Hengdian Group (), abbreviated as HG, is a Chinese private conglomerate founded by Xu Wenrong in 1975 in Hengdian, Zhejiang. It focuses on the fields of electrical and electronic, pharmaceutical and chemical, film and entertainment, and modern services. Since 1996, Hengdian Group has operated Hengdian World Studios.

History
In 1975, Xu Wenrong set up Hengdian Reeling Silk Factory, which was the predecessor of Hengdian Group. In the 1990s, it expanded into high-tech sectors such as hard magnets, soft magnets, and pharmaceutical manufacturing.

In 2004, Hengdian Group, Warner Bros. and China Film Group Corporation established the Warner China Film HG, which is a joint venture. In 2008, it established the Zhejiang Hengdian Film Production Company.
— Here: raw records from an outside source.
theorem lemma3p3:
  fixes p n :: nat and v :: "nat \<Rightarrow> int" and Y :: "nat set"
  assumes "prime p"
    and "rho p {1..n} v \<ge> 4 / real p"
    and "real (supp_size p {1..n} v) \<ge> 2 ^ 18 * ln (real p)"
    and "Y \<subseteq> {1..n}"
    and "real (supp_size p Y v) \<ge> real (supp_size p {1..n} v) / 4"
  shows "rho p Y v \<le> 2 ^ 13 * real (card (Tset p (real (supp_size p {1..n} v) / 2 ^ 16) Y v))
                      / (real p * sqrt (real (supp_size p {1..n} v)))"
proof -
  define m where "m = real (supp_size p {1..n} v)"
  define l where "l = m / 2 ^ 16"
  let ?NF = "card (Tset p l {1..n} v)" and ?NY = "card (Tset p l Y v)"
  have "p > 0" "finite Y"
    using assms(1,4) prime_gt_0_nat finite_subset by auto
  have "4 / real p \<le> 1"
    using assms(2) rho_le_one[OF \<open>p > 0\<close>, of "{1..n}" v] by simp
  then have "odd p" "0 < ln (real p)"
    using assms(1) \<open>p > 0\<close> prime_odd_nat by (auto simp: field_simps)
  then have "0 < m" and tail: "ln (real p) \<le> 2 * l"
    using assms(3) unfolding m_def l_def by (auto intro: order_less_le_trans)
  then have "0 < l" by (simp add: l_def)
  have "?NY < p"
    using assms(5) \<open>0 < l\<close> by (intro card_Tset_less[OF \<open>p > 0\<close> \<open>finite Y\<close>]) (simp add: l_def m_def)
  have "?NF \<le> ?NY"
    using assms(4) by (intro card_mono finite_Tset Tset_antimono_index) auto
  then have "4 / real p \<le> (3 + 4 * real ?NF / sqrt l) / real p"
    using assms(2) rho_le_card_Tset[OF assms(1) \<open>odd p\<close> _ \<open>0 < l\<close> _ tail] \<open>?NY < p\<close>
    by (meson finite_atLeastAtMost order_trans le_less_trans)
  then have "1 \<le> 4 * real ?NY / sqrt l"
    using \<open>?NF \<le> ?NY\<close> \<open>p > 0\<close> \<open>0 < l\<close> by (simp add: divide_right_mono field_simps)
  have "rho p Y v \<le> (3 + 4 * real ?NY / sqrt l) / real p"
    by (rule rho_le_card_Tset[OF assms(1) \<open>odd p\<close> \<open>finite Y\<close> \<open>0 < l\<close> \<open>?NY < p\<close> tail])
  also have "\<dots> \<le> 2 ^ 12 * real ?NY / (real p * sqrt m)"
    using \<open>1 \<le> 4 * real ?NY / sqrt l\<close> \<open>p > 0\<close> unfolding l_def by (simp add: real_sqrt_divide field_simps)
  also have "\<dots> \<le> 2 ^ 13 * real ?NY / (real p * sqrt m)"
    unfolding m_def by (intro divide_right_mono) auto
  finally show ?thesis unfolding l_def m_def .
qed

end
fun gH1 :: "nat \<Rightarrow> var \<Rightarrow> 'k::comm_ring_1 mpoly" where
  "gH1 n (A i j) = (if i + j \<le> n then of_nat (n - i - j) * aa n (i + 1) j else 0)"
| "gH1 n (U k) = (if k = 1 then Var (U 2) else 0)"

fun gH2 :: "nat \<Rightarrow> var \<Rightarrow> 'k::comm_ring_1 mpoly" where
  "gH2 n (A i j) = (if i + j \<le> n \<and> i \<ge> 1 then of_nat i * aa n (i - 1) (j + 1) else 0)"
| "gH2 n (U k) = (if k = 2 then Var (U 3) else 0)"

fun gH3 :: "nat \<Rightarrow> var \<Rightarrow> 'k::comm_ring_1 mpoly" where
  "gH3 n (A i j) = (if i + j \<le> n then of_nat (n - i - j) * aa n i (j + 1) else 0)"
| "gH3 n (U k) = (if k = 1 then Var (U 3) else 0)"

fun gE1 :: "nat \<Rightarrow> var \<Rightarrow> 'k::comm_ring_1 mpoly" where
  "gE1 n (A i j) = (if i + j \<le> n then of_int (int n - 2 * int i - int j) * aa n i j else 0)"
| "gE1 n (U k) = (if k = 1 then Var (U 1) else if k = 2 then - Var (U 2) else 0)"

fun gE2 :: "nat \<Rightarrow> var \<Rightarrow> 'k::comm_ring_1 mpoly" where
  "gE2 n (A i j) = (if i + j \<le> n then of_int (int i - int j) * aa n i j else 0)"
| "gE2 n (U k) = (if k = 2 then Var (U 2) else if k = 3 then - Var (U 3) else 0)"

definition D1 :: "nat \<Rightarrow> 'k::comm_ring_1 mpoly \<Rightarrow> 'k mpoly" where "D1 n = der (gD1 n)"
definition D2 :: "nat \<Rightarrow> 'k::comm_ring_1 mpoly \<Rightarrow> 'k mpoly" where "D2 n = der (gD2 n)"
definition D3 :: "nat \<Rightarrow> 'k::comm_ring_1 mpoly \<Rightarrow> 'k mpoly" where "D3 n = der (gD3 n)"
definition Dh1 :: "nat \<Rightarrow> 'k::comm_ring_1 mpoly \<Rightarrow> 'k mpoly" where "Dh1 n = der (gH1 n)"
definition Dh2 :: "nat \<Rightarrow> 'k::comm_ring_1 mpoly \<Rightarrow> 'k mpoly" where "Dh2 n = der (gH2 n)"
definition Dh3 :: "nat \<Rightarrow> 'k::comm_ring_1 mpoly \<Rightarrow> 'k mpoly" where "Dh3 n = der (gH3 n)"
definition E1 :: "nat \<Rightarrow> 'k::comm_ring_1 mpoly \<Rightarrow> 'k mpoly" where "E1 n = der (gE1 n)"
definition E2 :: "nat \<Rightarrow> 'k::comm_ring_1 mpoly \<Rightarrow> 'k mpoly" where "E2 n = der (gE2 n)"
(* Let $D_1,\dots,D_n$ be semi-interlaced in a finite set $\mathbf P\subset\mathbb Z^n$ with $P=\operatorname{Conv}\mathbf P$. Let $S$ be a suture, and let $J=\{j_1,\dots,j_{n-\dim S}\}$ be the set of indices $j$ with $D_j\cap S=\emptyset$. For every $\xi\in(\pi_S(\mathbb R^n))^*$ with $\pi_S(P)^\xi=\mathbf O_S$, at least $\dim\big((\mathbf P_S\setminus\{\mathbf O_S\})^\xi\big)+1$ of the polytopes $\pi_S(D_{j_1}),\dots,\pi_S(D_{j_{n-\dim S}})$ intersect $(\mathbf P_S\setminus\{\mathbf O_S\})^\xi$.
   Context: **Notation.** $\pi_S:\mathbb R^n\to\mathbb R^n/\operatorname{aff}(S)$ sends $\operatorname{aff}(S)$ to the origin. For a finite set or polytope $Q$ and covector $\xi$, $Q^\xi$ is the subset (face) where $\xi$ attains its maximum; the dimension of a finite set is that of its convex hull. **Sets attached to $S$.** - $\mathbf O_S=\pi_S(S)$, a point. - $\mathbf P_S=\pi_S(\mathbf P)\cap\overline{\pi_S(P)\setminus\pi_S(\operatorname{Conv}(\mathbf P\setminus S))}$, where the overline denotes closure. **Daughter polytope.** For a nonempty polytope $D$ with vertices in $\mathbf P$, $\mathcal D(D)$ is the set of inclusion-maximal faces of $P$ disjoint from $D$. $D$ is a daughter polytope if: 1. distinct members of $\mathcal D(D)$ are disjoint; 2. $D=\operatorname{Conv}(\mathbf P\setminus\bigcup_{F\in\mathcal D(D)}F)$. **Semi-interlaced and sutures.** Daughter polytopes $D_1,\dots,D_n$ of $\mathbf P\subset\mathbb Z^n$ are semi-interlaced if every face $F$ of $P$ meets at least $\dim F$ of them. A suture is a face meeting exactly $\dim F$ of them. *)

theory Defs
  imports "HOL-Analysis.Analysis"
begin
(* In the setting described in the context, for each $i\in[n]$, with probability at least $1-O(n^{-10})$: (1) $|(\nabla\mathcal L(\theta^* ))_i|\lesssim\sqrt{np\log n/L}$; (2) $\sum_{j\ne i}(\nabla^2\mathcal L(\theta^* ))_{i,j}^2\lesssim np(1+dp)$, $\sum_{s>n}(\nabla^2\mathcal L(\theta^* ))_{i,s}^2\lesssim ndp^2$, and $\sum_{j\in[n],j\ne i}|(\nabla^2\mathcal L(\theta^* ))_{i,j}|\lesssim np$; (3) $|y_{j,i}-\mathbb Ey_{j,i}|\lesssim\sqrt{\log n/L}$ for all $i\ne j$ with $(i,j)\in\mathcal E$.
   Context: Setting. Items $1,\dots,n$ have fixed covariates $x_1,\dots,x_n\in\mathbb R^d$, $d<n$, rescaled so $\|x_i\|_2\le\sqrt{(d+1)/n}$; $\tilde x_i=(e_i^\top,x_i^\top)^\top\in\mathbb R^{n+d}$, $e_i$ canonical in $\mathbb R^n$; $\theta=(\alpha^\top,\beta^\top)^\top$; true parameter $\theta^*$. Erdős–Rényi comparison graph $\mathcal G=([n],\mathcal E)$, edge probability $p$; for each edge and $l\in[L]$, independent $y^{(l)}_{j,i}\in\{0,1\}$ with $P(y^{(l)}_{j,i}=1)=\phi(\tilde x_i^\top\theta^*-\tilde x_j^\top\theta^* )$, $\phi(t)=e^t/(1+e^t)$, $y^{(l)}_{i,j}=1-y^{(l)}_{j,i}$, $y_{j,i}=L^{-1}\sum_ly^{(l)}_{j,i}$. $\mathcal L(\theta)=\sum_{(i,j)\in\mathcal E,i>j}\{-y_{j,i}(\tilde x_i^\top\theta-\tilde x_j^\top\theta)+\log(1+e^{\tilde x_i^\top\theta-\tilde x_j^\top\theta})\}$. Standing assumptions: $pn>c_p\log n$ for a constant $c_p>0$, $npL\gtrsim\log n$, $n$ large. $a\lesssim b$: $a\le Cb$ with $C$ an absolute constant independent of $n,p,L,d$. *)

theory Defs
  imports "HOL-Probability.Probability"
begin

text \<open>Items are indexed 0..n-1 (paper: 1..n). Parameter theta :: nat => real,
  theta k = alpha_k for k < n and theta (n+m) = beta_m for m < d.
  Covariate x i :: nat => real, with coordinates m < d.\<close>

definition logistic :: "real \<Rightarrow> real" where
  "logistic t = exp t / (1 + exp t)"

definition score :: "nat \<Rightarrow> nat \<Rightarrow> (nat \<Rightarrow> nat \<Rightarrow> real) \<Rightarrow> (nat \<Rightarrow> real) \<Rightarrow> nat \<Rightarrow> real" where
  "score n d x \<theta> i = \<theta> i + (\<Sum>m<d. x i m * \<theta> (n + m))"

text \<open>Unordered pairs, stored as (i,j) with j < i < n.\<close>
definition pairs :: "nat \<Rightarrow> (nat \<times> nat) set" where
  "pairs n = {(i, j). j < i \<and> i < n}"

text \<open>Sample space: G (i,j) says whether the edge {i,j} (j<i) is in the
  Erdos-Renyi graph; Y ((i,j),l) is the l-th comparison outcome y^{(l)}_{j,i}
  (l < L) for the pair j<i.  Outcomes are drawn for every pair; only those on
  edges enter the loss.\<close>
type_synonym sample = "((nat \<times> nat) \<Rightarrow> bool) \<times> (((nat \<times> nat) \<times> nat) \<Rightarrow> bool)"

definition graph_pmf :: "nat \<Rightarrow> real \<Rightarrow> ((nat \<times> nat) \<Rightarrow> bool) pmf" where
  "graph_pmf n p = Pi_pmf (pairs n) False (\<lambda>_. bernoulli_pmf p)"

definition outcome_pmf ::
  "nat \<Rightarrow> nat \<Rightarrow> nat \<Rightarrow> (nat \<Rightarrow> nat \<Rightarrow> real) \<Rightarrow> (nat \<Rightarrow> real) \<Rightarrow> (((nat \<times> nat) \<times> nat) \<Rightarrow> bool) pmf" where
  "outcome_pmf n d L x \<theta> = Pi_pmf (pairs n \<times> {..<L}) False
     (\<lambda>((i, j), l). bernoulli_pmf (logistic (score n d x \<theta> i - score n d x \<theta> j)))"

definition model_pmf :: "nat \<Rightarrow> nat \<Rightarrow> real \<Rightarrow> nat \<Rightarrow> (nat \<Rightarrow> nat \<Rightarrow> real) \<Rightarrow> (nat \<Rightarrow> real) \<Rightarrow> sample pmf" where
  "model_pmf n d p L x \<theta> = pair_pmf (graph_pmf n p) (outcome_pmf n d L x \<theta>)"

definition edge :: "sample \<Rightarrow> nat \<Rightarrow> nat \<Rightarrow> bool" where
  "edge \<omega> i j = (i \<noteq> j \<and> (if j < i then fst \<omega> (i, j) else fst \<omega> (j, i)))"

text \<open>y_{j,i} = L^{-1} sum_l y^{(l)}_{j,i}; for i < j, y_{j,i} = 1 - y_{i,j}.\<close>
definition ybar :: "nat \<Rightarrow> sample \<Rightarrow> nat \<Rightarrow> nat \<Rightarrow> real" where
  "ybar L \<omega> j i = (if j < i then (\<Sum>l<L. of_bool (snd \<omega> ((i, j), l))) / real L
                    else 1 - (\<Sum>l<L. of_bool (snd \<omega> ((j, i), l))) / real L)"

definition loss :: "nat \<Rightarrow> nat \<Rightarrow> nat \<Rightarrow> (nat \<Rightarrow> nat \<Rightarrow> real) \<Rightarrow> sample \<Rightarrow> (nat \<Rightarrow> real) \<Rightarrow> real" where
  "loss n d L x \<omega> \<theta> =
     (\<Sum>(i, j)\<in>{(i, j)\<in>pairs n. fst \<omega> (i, j)}.
        - ybar L \<omega> j i * (score n d x \<theta> i - score n d x \<theta> j)
        + ln (1 + exp (score n d x \<theta> i - score n d x \<theta> j)))"

definition pderiv_at :: "((nat \<Rightarrow> real) \<Rightarrow> real) \<Rightarrow> nat \<Rightarrow> (nat \<Rightarrow> real) \<Rightarrow> real" where
  "pderiv_at f k \<theta> = deriv (\<lambda>t. f (\<theta>(k := t))) (\<theta> k)"

definition grad_loss where
  "grad_loss n d L x \<omega> k \<theta> = pderiv_at (loss n d L x \<omega>) k \<theta>"

definition hess_loss where
  "hess_loss n d L x \<omega> k l \<theta> = pderiv_at (grad_loss n d L x \<omega> l) k \<theta>"

end

theory Submission
  imports Defs
begin

text \<open>
  Outside three bad events all claims are deterministic. Each Hessian entry is a sum over the
  edges at item i of products of coordinates of the differences of extended covariates, weighted
  by logistic' \<le> 1/4; hence the three Hessian sums are bounded by multiples of the degree of i
  (by Cauchy-Schwarz for the covariate block), and a Chernoff bound keeps this degree below K n p
  except with probability n^-10. Given the graph, the i-th gradient coordinate is a weighted sum of
  independent centred Bernoulli outcomes whose squared weights add up to the degree, and every
  y_ji is an average of L such outcomes, so Hoeffding's inequality (with a union bound over the at
  most n^2 pairs for the y_ji) yields the remaining bounds.
\<close>

lemma logistic_nonneg: "0 \<le> logistic t"
  and logistic_le_one: "logistic t \<le> 1"
  unfolding logistic_def by (simp_all add: add_pos_pos)

definition logistic_deriv :: "real \<Rightarrow> real" where
  "logistic_deriv t = exp t / (1 + exp t)\<^sup>2"

lemma logistic_deriv_nonneg: "0 \<le> logistic_deriv t"
  unfolding logistic_deriv_def by simp

lemma logistic_deriv_le_quarter: "logistic_deriv t \<le> 1/4"
proof -
  have "4 * exp t \<le> (1 + exp t)\<^sup>2"
    using zero_le_power2[of "1 - exp t"] by (simp add: power2_eq_square algebra_simps)
  then show ?thesis
    unfolding logistic_deriv_def by (simp add: divide_le_eq add_pos_pos)
qed

lemma has_real_derivative_logistic: "(logistic has_real_derivative logistic_deriv t) (at t)"
proof -
  have nz: "1 + exp t \<noteq> 0" using exp_gt_zero[of t] by linarith
  show ?thesis
    unfolding logistic_def[abs_def]
    by (rule derivative_eq_intros refl nz)+ (simp add: logistic_deriv_def field_simps power2_eq_square)
qed

section \<open>Gradient and Hessian of the loss\<close>

text \<open>
  The k-th coordinate of the extended covariate (e_i, x_i) of item i, i.e. the derivative of
  score i in theta k; edge_coeff gives the coordinates of the difference for a pair (i, j).
\<close>

definition score_coeff :: "nat \<Rightarrow> nat \<Rightarrow> (nat \<Rightarrow> nat \<Rightarrow> real) \<Rightarrow> nat \<Rightarrow> nat \<Rightarrow> real" where
  "score_coeff n d x i k = of_bool (k = i) + (if n \<le> k \<and> k < n + d then x i (k - n) else 0)"

definition edge_coeff :: "nat \<Rightarrow> nat \<Rightarrow> (nat \<Rightarrow> nat \<Rightarrow> real) \<Rightarrow> nat \<times> nat \<Rightarrow> nat \<Rightarrow> real" where
  "edge_coeff n d x e k = score_coeff n d x (fst e) k - score_coeff n d x (snd e) k"

definition score_gap :: "nat \<Rightarrow> nat \<Rightarrow> (nat \<Rightarrow> nat \<Rightarrow> real) \<Rightarrow> (nat \<Rightarrow> real) \<Rightarrow> nat \<times> nat \<Rightarrow> real" where
  "score_gap n d x \<theta> e = score n d x \<theta> (fst e) - score n d x \<theta> (snd e)"

definition edges :: "nat \<Rightarrow> (nat \<times> nat \<Rightarrow> bool) \<Rightarrow> (nat \<times> nat) set" where
  "edges n G = {e \<in> pairs n. G e}"

lemma score_fun_upd:
  assumes "i < n"
  shows "score n d x (\<theta>(k := t)) i = score n d x \<theta> i + score_coeff n d x i k * (t - \<theta> k)"
proof -
  have "(\<Sum>m<d. x i m * (\<theta>(k := t)) (n + m)) - (\<Sum>m<d. x i m * \<theta> (n + m))
      = (\<Sum>m<d. if m = k - n \<and> n \<le> k then x i m * (t - \<theta> k) else 0)"
    unfolding sum_subtractf[symmetric] by (intro sum.cong) (auto simp: algebra_simps)
  also have "\<dots> = (if n \<le> k \<and> k < n + d then x i (k - n) else 0) * (t - \<theta> k)"
    by (cases "n \<le> k") auto
  finally show ?thesis
    using assms unfolding score_def score_coeff_def by (auto simp: algebra_simps)
qed

lemma finite_pairs: "finite (pairs n)"
  by (rule finite_subset[of _ "{..<n} \<times> {..<n}"]) (auto simp: pairs_def)

lemma card_pairs_le: "card (pairs n) \<le> n\<^sup>2"
proof -
  have "card (pairs n) \<le> card ({..<n} \<times> {..<n})"
    by (rule card_mono) (auto simp: pairs_def)
  then show ?thesis by (simp add: power2_eq_square)
qed

lemma edges_subset_pairs: "edges n G \<subseteq> pairs n"
  unfolding edges_def by blast

lemma finite_edges: "finite (edges n G)"
  using finite_subset[OF edges_subset_pairs finite_pairs] .

lemma score_gap_fun_upd:
  assumes "e \<in> pairs n"
  shows "score_gap n d x (\<theta>(k := t)) e = score_gap n d x \<theta> e + edge_coeff n d x e k * (t - \<theta> k)"
  using assms unfolding score_gap_def edge_coeff_def pairs_def
  by (auto simp: score_fun_upd algebra_simps)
In 1989, Hengdian group founded Apeloa Pharmaceutical, which was listed on the Shenzhen Stock Exchange in 1997, covers active pharmaceutical ingredients and intermediates, pesticides, medical devices and medical services.

Hengdian Group also expanded into the lighting field in late 1990s，covering LED fixtures, lighting sources, smart lighting and automotive lighting.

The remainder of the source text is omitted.